:: What you have to do ::
All lines containing the string "obtain" must be copied from the entries.

(Saved data entries)

lemma refresh_first_refresh:
  assumes "successes_recur \<omega>"
  shows "refresh \<omega> u (first_refresh \<omega> u)"
proof -
  obtain r where "refresh \<omega> u r"
    using ex_refresh_ge[OF assms] by blast
  then show ?thesis
    unfolding first_refresh_def by (rule LeastI)
qed

lemma first_refresh_less_handover:
  assumes "successes_recur \<omega>"
  shows "first_refresh \<omega> u < handover \<omega> u"
proof -
  obtain r where "r < handover \<omega> u" "refresh \<omega> u r"
    using refresh_before_other_success[OF sole_tx_first_success[OF assms]
        first_success_less_handover[OF assms] sole_tx_other_handover[OF assms]
        not_sole_tx_before_handover] by blast
  then show ?thesis
    unfolding first_refresh_def using Least_le[of "refresh \<omega> u" r] by simp
qed

lemma not_refresh_until_handover:
  assumes "successes_recur \<omega>" and "first_refresh \<omega> u < k" and "k \<le> handover \<omega> u"
  shows "\<not> refresh \<omega> u k"
proof
  assume "refresh \<omega> u k"
  then have k: "sole_tx u (\<omega> !! k)"
    by (simp add: refresh_iff)
  obtain m where m: "first_refresh \<omega> u < m" "sole_tx (other u) (\<omega> !! m)"
      "\<forall>j. first_refresh \<omega> u < j \<and> j < m \<longrightarrow> \<not> sole_tx u (\<omega> !! j)"
    using refresh_first_refresh[OF assms(1), of u] by (auto simp: refresh_iff)
  have "m \<noteq> k"
    using m(2) sole_tx_other[OF k] by auto
  moreover have "\<not> k < m"
    using m(3) k assms(2) by auto
  ultimately have "m < handover \<omega> u"
    using assms(3) by simp
  moreover have "first_success \<omega> u \<le> first_refresh \<omega> u"
    using refresh_first_refresh[OF assms(1), of u] unfolding first_success_def
    by (intro Least_le) (simp add: refresh_iff)
  ultimately show False
    using not_sole_tx_before_handover[of \<omega> u m] m(1,2) by simp
qed

lemma cycle_end_eq:
  assumes "successes_recur \<omega>"
  shows "cycle_end \<omega> u = Suc (handover \<omega> u) + first_refresh (sdrop (Suc (handover \<omega> u)) \<omega>) u"
proof -
  obtain r where r: "Suc (handover \<omega> u) \<le> r" "refresh \<omega> u r"
    using ex_refresh_ge[OF assms] by blast
  have "first_refresh \<omega> u < r"
    using first_refresh_less_handover[OF assms, of u] r(1) by simp
  from this r(2) have "cycle_end \<omega> u = (LEAST k. first_refresh \<omega> u < k \<and> refresh \<omega> u k)"
    unfolding cycle_end_def is_cycle_iff[OF refresh_first_refresh[OF assms]] conj_assoc
    by (rule Least_next_eq)
  also have "\<dots> = Suc (handover \<omega> u) + (LEAST k. refresh \<omega> u (Suc (handover \<omega> u) + k))"
    using first_refresh_less_handover[OF assms, of u] not_refresh_until_handover[OF assms] r
    by (intro Least_gt_eq_add_Least) auto
  finally show ?thesis
    unfolding first_refresh_def refresh_sdrop .
qed

lemma Suc_handover_eq:
  assumes "successes_recur \<omega>"
  shows "Suc (handover \<omega> u) =
    Suc (first_success \<omega> u) + Suc (first_success (sdrop (Suc (first_success \<omega> u)) \<omega>) (other u))"
proof -
  have "handover \<omega> u = Suc (first_success \<omega> u) + (LEAST k. sole_tx (other u) (\<omega> !! (Suc (first_success \<omega> u) + k)))"
    unfolding handover_def using first_success_less_handover[OF assms, of u] sole_tx_other_handover[OF assms, of u]
    by (intro Least_gt_eq_add_Least) auto
  then show ?thesis
    unfolding first_success_def[of "sdrop _ _"] sdrop_snth by simp
qed

lemma stake_eq_iff_snth_eq: "stake n \<omega>' = stake n \<omega> \<longleftrightarrow> (\<forall>k<n. \<omega>' !! k = \<omega> !! k)"
  by (simp add: list_eq_iff_nth_eq del: stake.simps)

lemma first_success_stake:
  assumes "successes_recur \<omega>" and "stake (Suc (first_success \<omega> u)) \<omega>' = stake (Suc (first_success \<omega> u)) \<omega>"
  shows "first_success \<omega>' u = first_success \<omega> u"
  unfolding first_success_def[of \<omega>']
proof (rule Least_equality)
  show "sole_tx u (\<omega>' !! first_success \<omega> u)"
    using assms(2)[unfolded stake_eq_iff_snth_eq, rule_format] sole_tx_first_success[OF assms(1)] by simp
  show "first_success \<omega> u \<le> k" if "sole_tx u (\<omega>' !! k)" for k
  proof (rule ccontr)
    assume "\<not> first_success \<omega> u \<le> k"
    with that assms(2)[unfolded stake_eq_iff_snth_eq, rule_format, of k] have "sole_tx u (\<omega> !! k)" "k < first_success \<omega> u"
      by simp_all
    then show False
      using not_less_Least[of k "\<lambda>k. sole_tx u (\<omega> !! k)"] unfolding first_success_def by simp
  qed
qed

:: Exercise result ::
  obtain r where "refresh \<omega> u r"
  obtain r where "r < handover \<omega> u" "refresh \<omega> u r"
  obtain m where m: "first_refresh \<omega> u < m" "sole_tx (other u) (\<omega> !! m)"
  obtain r where r: "Suc (handover \<omega> u) \<le> r" "refresh \<omega> u r"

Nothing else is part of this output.